Paper No. 102-9
Presentation Time: 10:25 AM
IMPACT OF MID HOLOCENE MOUNT MAZAMA ERUPTION ON LAKE PALEOPRODUCTIVITY AND SEDIMENTOLOGY: A CASE STUDY FROM A CLOSED BASIN LAKE IN SOUTHWESTERN BRITISH COLUMBIA
The eruption of Mount Mazama, (~7,700 cal yr BP), deposited volcanic ash that carpeted much of the North American continent. We employ principal component analysis (PCA) of diffuse spectral reflectance measured on sediment from Cleland Lake, British Columbia, to explore the paleolimnologic impact of the eruption. PCA derived five components explains 97% of the variability in the data. Pre-Mazama Cleland Lake was dominated by illite, derived from glacial drift deposits and bedrock weathering. Illite content rapidly declined around 7,760 cal yr BP and was replaced by smectite and chlorite; likely derived from weathering of the iron-rich volcanic ash.

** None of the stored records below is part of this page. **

lemma eigenproj_sum: "eigenproj 1 + eigenproj (-1) = 1\<^sub>m d"
  by (auto simp: eigenproj_def field_simps intro!: eq_matI)

lemma mat_adjoint_eigenproj:
  assumes "s \<in> {1, -1}"
  shows "mat_adjoint (eigenproj s) = eigenproj s"
  using assms hermitian_entry[OF carrier hermitian]
  by (auto simp: eigenproj_def intro!: eq_matI)

lemma commute_eigenproj:
  assumes "A \<in> carrier_mat d d" "A * T = T * A"
  shows "A * eigenproj s = eigenproj s * A"
  using assms by (simp add: mult_eigenproj eigenproj_mult)

lemma mat_trace_compress:
  assumes s: "s \<in> {1, -1}" and \<rho>: "\<rho> \<in> carrier_mat d d"
    and A: "A \<in> carrier_mat d d" "A * T = T * A"
  shows "mat_trace (eigenproj s * \<rho> * eigenproj s * A) = mat_trace (\<rho> * (A * eigenproj s))"
proof -
  let ?P = "eigenproj s"
  have P: "?P \<in> carrier_mat d d" by (rule eigenproj_carrier)
  have "mat_trace (?P * \<rho> * ?P * A) = mat_trace (?P * (\<rho> * ?P * A))"
    using \<rho> A P by (simp add: assoc_mult_square mult_square_carrier)
  also have "\<dots> = mat_trace ((\<rho> * ?P * A) * ?P)"
    using \<rho> A P by (intro mat_trace_mult_comm) auto
  also have "(\<rho> * ?P * A) * ?P = \<rho> * ((?P * ?P) * A)"
    using \<rho> A P commute_eigenproj[OF A] by (simp add: assoc_mult_square mult_square_carrier)
  also have "\<dots> = \<rho> * (A * ?P)"
    using eigenproj_idem[OF s] commute_eigenproj[OF A] by simp
  finally show ?thesis .
qed

lemma mat_trace_decomposition:
  assumes \<rho>: "\<rho> \<in> carrier_mat d d" and A: "A \<in> carrier_mat d d" "A * T = T * A"
  shows "mat_trace (\<rho> * A) = mat_trace (eigenproj 1 * \<rho> * eigenproj 1 * A)
    + mat_trace (eigenproj (-1) * \<rho> * eigenproj (-1) * A)"
proof -
  have "\<rho> * (A * eigenproj 1) + \<rho> * (A * eigenproj (-1))
      = \<rho> * (A * eigenproj 1 + A * eigenproj (-1))"
    by (rule mult_add_distrib_mat[symmetric]) (use \<rho> A eigenproj_carrier in auto)
  also have "A * eigenproj 1 + A * eigenproj (-1) = A * (eigenproj 1 + eigenproj (-1))"
    by (rule mult_add_distrib_mat[symmetric]) (use A eigenproj_carrier in auto)
  finally have "\<rho> * A = \<rho> * (A * eigenproj 1) + \<rho> * (A * eigenproj (-1))"
    using A by (simp add: eigenproj_sum)
  then show ?thesis
    using \<rho> A eigenproj_carrier by (simp add: mat_trace_compress mat_trace_add[of _ d])
qed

Smectite levels remain high for several thousand years (7,700 to 4,400 cal yr BP) but gradually decrease, thereafter. Three phytoplankton communities, each of which included cyanobacteria exhibited a pattern of community succession over the past 14,000 years. Late glacial primary productivity (14,000 to 11,500 cal yr BP) was limited to cyanobacteria community 1. Dinoflagellate algae and cyanobacteria community 2 was prominent during the early-Holocene (11,500 to 8,500 cal yr BP), when the lake level was much lower and regional climate was warm and arid. The abundance of diatom and cyanobacteria community 3 gradually increased after 9,000 cal yr BP, as a response to an increase in regional moisture. A rapid decline in dinoflagellates, diatoms and cyanobacteria occurred from 8,400 to 7,700 cal yr BP, potentially in response to the global cooling event centered on 8,200 cal yr BP and subsequent deposition of Mazama tephra. A rapid recovery in all three phytoplankton groups occurred within several decades following the Mazama eruption. This rapid increase – particularly for diatom taxa – could be associated with an increase in micro-nutrients and silica derived from ash weathering. The abundance of primary producers gradually declined within a millennium of the volcanic eruption, probably in response to the decline in the micro-nutrients and silica released by the weathering of volcanic ash. Comparison of results from three cores obtained from shallow, intermediate and deep basin of the lake suggests that shallow lake experienced immediate long lasting productivity changes compared to the other parts of the lake, possibly due to the heterogeneity in nutrient distribution.